The Power of an Ordinary Life

Apr 3, 2024    Don Willeman

Transcript:


Hello, this is Pastor Don Willeman of Christ Redeemer Church. Welcome to The Kingdom Perspective.

 

How should we engage in a world that’s confused and sometimes even hostile to our faith? Should we make it our ambition to malign them, patting ourselves on the back about how good we are and how bad they are? No, rather, we should just be ordinary people, living ordinary lives, loving our neighbors.

 

The church in Thessalonica had experienced intense opposition (1 Thess. 1:6-7; Acts 17:1-15), and so they provide a great backdrop of how to live in a difficult context.

 

So, what do we learn from them? Essentially two things.

 

First, according the 1 Thessalonians 4 we should “excel” in modeling genuine loving community in our relations within the church. How we live together as God’s people—how we love and care for one another—is most critical.

 

But then, secondly, Paul directs us to:

 

11 … make it [our] ambition to lead a quiet life and attend to [our] own business and work with [our] hands… 12 so that [we] will behave properly toward outsiders and not be in any need.

 

You see, God doesn’t call us to be extraordinary—to be “great for God!” And He certainly doesn’t call us to be extraordinarily difficult people. Rather, He calls us to be extraordinary in our ordinariness. 

 

How do you live as a Christian in the world? Well, if you are a doctor, be the best doctor you can be. If you are a mechanic, be the best mechanic you can be. If you are a teacher, be the best teacher you can be. If you are an engineer, be the best engineer you can be. And do all of it, for the sake of Jesus. Why? Paul gives two reasons:


1) so that you can be of service to your neighbors and co-workers, and

2) so that you can provide for your own family, so as not to be a burden to others.

 

So, how are you doing with this?

 

Something to think about from The Kingdom Perspective.

 

“Finally, then, brothers, we ask and urge you in the Lord Jesus, that as you received from us how you ought to walk and to please God, just as you are doing, that you do so more and more. For you know what instructions we gave you through the Lord Jesus.

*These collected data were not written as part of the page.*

lemma ln_Z_le:
  assumes q: "admissible q" and Q: "is_dist Q" and px: "0 < pX x"
    and supp: "\<And>y. 0 < W x y \<Longrightarrow> 0 < Q y"
  shows "\<alpha>/(\<alpha>-1) * ln (Z q x) \<le> 1/(\<alpha>-1) * ln (renyi_sum Q x) + ln (\<Sum>y\<in>UNIV. Q y * rv q x y)"
proof -
  define B where "B = (\<Sum>y\<in>UNIV. Q y * rv q x y)"
  have Q_nonneg: "0 \<le> Q y" for y using Q by (auto simp: is_dist_def)
  have split: "W x y * rv q x y powr \<beta>
      = (W x y powr \<alpha> * Q y powr (1 - \<alpha>)) powr (1/\<alpha>) * (Q y * rv q x y) powr \<beta>" for y
  proof (cases "W x y = 0")
    case False
    then have "0 < W x y" "0 < Q y" using W_nonneg[of x y] supp by auto
    have "(W x y powr \<alpha> * Q y powr (1 - \<alpha>)) powr (1/\<alpha>) * (Q y * rv q x y) powr \<beta>
        = W x y powr (\<alpha> * (1/\<alpha>)) * Q y powr ((1-\<alpha>) * (1/\<alpha>) + \<beta>) * rv q x y powr \<beta>"
      by (simp add: powr_mult powr_powr powr_add)
    also have "\<alpha> * (1/\<alpha>) = 1" using alpha_gt_1 by simp
    also have "(1-\<alpha>) * (1/\<alpha>) + \<beta> = 0" using alpha_gt_1 by (simp add: field_simps)
    finally show ?thesis using \<open>0 < W x y\<close> \<open>0 < Q y\<close> by simp
  qed simp
  have "Z q x \<le> renyi_sum Q x powr (1/\<alpha>) * B powr \<beta>"
    unfolding Z_def split renyi_sum_def B_def using alpha_gt_1
    by (intro holder_inequality_sum) (auto simp: Q_nonneg rv_nonneg[OF q])
  moreover have "0 < Z q x" using Z_pos[OF q px] .
  ultimately have "0 < renyi_sum Q x" and "0 < B"
    using renyi_sum_def B_def Q_nonneg rv_nonneg[OF q] W_nonneg
    by (auto intro!: sum_nonneg simp: less_le)
  have "ln (Z q x) \<le> ln (renyi_sum Q x powr (1/\<alpha>) * B powr \<beta>)"
    using \<open>Z q x \<le> _\<close> \<open>0 < Z q x\<close> by simp
  also have "\<dots> = 1/\<alpha> * ln (renyi_sum Q x) + \<beta> * ln B"
    using \<open>0 < renyi_sum Q x\<close> \<open>0 < B\<close> by (simp add: ln_mult ln_powr)
  finally have "\<alpha>/(\<alpha>-1) * ln (Z q x) \<le> \<alpha>/(\<alpha>-1) * (1/\<alpha> * ln (renyi_sum Q x) + \<beta> * ln B)"
    using alpha_gt_1 by (intro mult_left_mono) auto
  also have "\<dots> = 1/(\<alpha>-1) * ln (renyi_sum Q x) + ln B"
    using alpha_gt_1 by (simp add: field_simps)
  finally show ?thesis unfolding B_def .
qed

For this is the will of God, your sanctification: that you abstain from sexual immorality; that each one of you know how to control his own bodyin holiness and honor, not in the passion of lust like the Gentiles who do not know God; that no one transgress and wrong his brother in this matter, because the Lord is an avenger in all these things, as we told you beforehand and solemnly warned you. For God has not called us for impurity, but in holiness. Therefore whoever disregards this, disregards not man but God, who gives his Holy Spirit to you.

 

Now concerning brotherly love you have no need for anyone to write to you, for you yourselves have been taught by God to love one another, for that indeed is what you are doing to all the brothers throughout Macedonia. But we urge you, brothers, to do this more and more, and to aspire to live quietly, and to mind your own affairs, and to work with your hands, as we instructed you, so that you may walk properly before outsiders and be dependent on no one.”